“I have an invisible bucket.”
This got my attention. And what he’d said was so much more interesting than The Washington Post article I was reading about the latest hate-filled thing Donald Trump had said.
I looked up from the paper, over the lunch dishes, and across the table at my 5-year old son.
“You do?”
“Yes,” he continued, “with me all the time.”
“Oh! That’s right,” I replied in a sing-song mommy voice, now remembering the special book he’d been taught at the beginning of the school year.
Fill a Bucket by Carol McCloud explains that we all carry a bucket with us each day. It can be filled with good things or bad things, and its contents are mostly determined by us. Yet we can help others fill their buckets by speaking to them kindly and showing love through our actions. Others can do the same for us. Negative words and the like have the opposite effect – they empty peoples’ buckets. But the secret jewel in living life knowing about these invisible buckets, is that you can enrich your own – that is, you can fill your own bucket – by filling others’ with love.
For whatever reason, I wasn’t feeling especially loving that day, and the article I was reading was probably draining my bucket a bit.

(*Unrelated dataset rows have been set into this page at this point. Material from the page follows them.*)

lemma testing_risk_ge_half:
  assumes "2 \<le> n" and "0 < \<sigma>" and "is_test n \<phi>"
  shows "1/2 \<le> (SUP \<theta>\<in>Theta1 n. \<integral>x. \<phi> x \<partial>gauss_meas n \<theta> \<sigma>)
      + (SUP \<theta>\<in>Theta2c n \<sigma> (1/1000). \<integral>x. (1 - \<phi> x) \<partial>gauss_meas n \<theta> \<sigma>)"
proof -
  obtain J where J: "1 \<le> J" "n < 2 * 4 ^ J" and scales: "\<And>j. j < J \<Longrightarrow> 2 * 4 ^ j \<le> n"
    using obtain_dyadic_scales[OF assms(1)] by blast
  define b where "b = ln (1 + real J / 100)"
  have bdd: "bdd_above ((\<lambda>\<theta>. \<integral>x. \<psi> x \<partial>gauss_meas n \<theta> \<sigma>) ` \<Theta>)" if "is_test n \<psi>" for \<psi> \<Theta>
    using integral_test_le_one[OF assms(2) that] by (intro bdd_aboveI2) auto
  have "(\<integral>x. \<phi> x \<partial>gauss_meas n (\<lambda>_. 0) \<sigma>) \<le> (SUP \<theta>\<in>Theta1 n. \<integral>x. \<phi> x \<partial>gauss_meas n \<theta> \<sigma>)"
    using bdd[OF assms(3)] by (intro cSUP_upper) (auto simp: Theta1_def)
  moreover have "(\<Sum>j<J. \<integral>x. 1 - \<phi> x \<partial>gauss_meas n (spike \<sigma> b j) \<sigma>) / real J
      \<le> (SUP \<theta>\<in>Theta2c n \<sigma> (1/1000). \<integral>x. (1 - \<phi> x) \<partial>gauss_meas n \<theta> \<sigma>)"
    using J bdd[OF is_test_one_minus[OF assms(3)]] spike_in_Theta2c[OF assms(2) scales J(2,1)]
    by (intro mean_le_cSUP) (auto simp: b_def)
  moreover have "7/4 - (\<Sum>j<J. \<Sum>l<J. exp ((\<Sum>i<n. spike \<sigma> b j i * spike \<sigma> b l i) / \<sigma>\<^sup>2)) / (real J)\<^sup>2
      \<le> (\<integral>x. \<phi> x \<partial>gauss_meas n (\<lambda>_. 0) \<sigma>) + (\<Sum>j<J. \<integral>x. 1 - \<phi> x \<partial>gauss_meas n (spike \<sigma> b j) \<sigma>) / real J"
    using J(1) assms(2,3) by (intro gauss_mixture_testing_bound) auto
  moreover have "(\<Sum>j<J. \<Sum>l<J. exp ((\<Sum>i<n. spike \<sigma> b j i * spike \<sigma> b l i) / \<sigma>\<^sup>2)) / (real J)\<^sup>2 \<le> 26/25"
  proof -
    have "4 ^ j \<le> n" if "j < J" for j
      using scales[OF that] by linarith
    then show ?thesis
      unfolding b_def by (rule spike_mixture_second_moment_le[OF assms(2) J(1)])
  qed
  ultimately show ?thesis by linarith
qed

But the good news is that the work we do as parents day in and out can pay off when we least expect it.
“So,” I said, “What’s in your bucket today?”
He climbed down from his chair, took a couple steps over and put his face very close to mine.
“So much goodness.”
I wrapped my arms around him, buried my face in his neck, and kissed his little ears and cheeks until he wriggled free, giggling, “Mommy, Stop! Stop! Stop!”
My bucket was filled for days.
May these words of my mouth and this meditation of my heart be pleasing in your sight, Lord, my Rock and my Redeemer.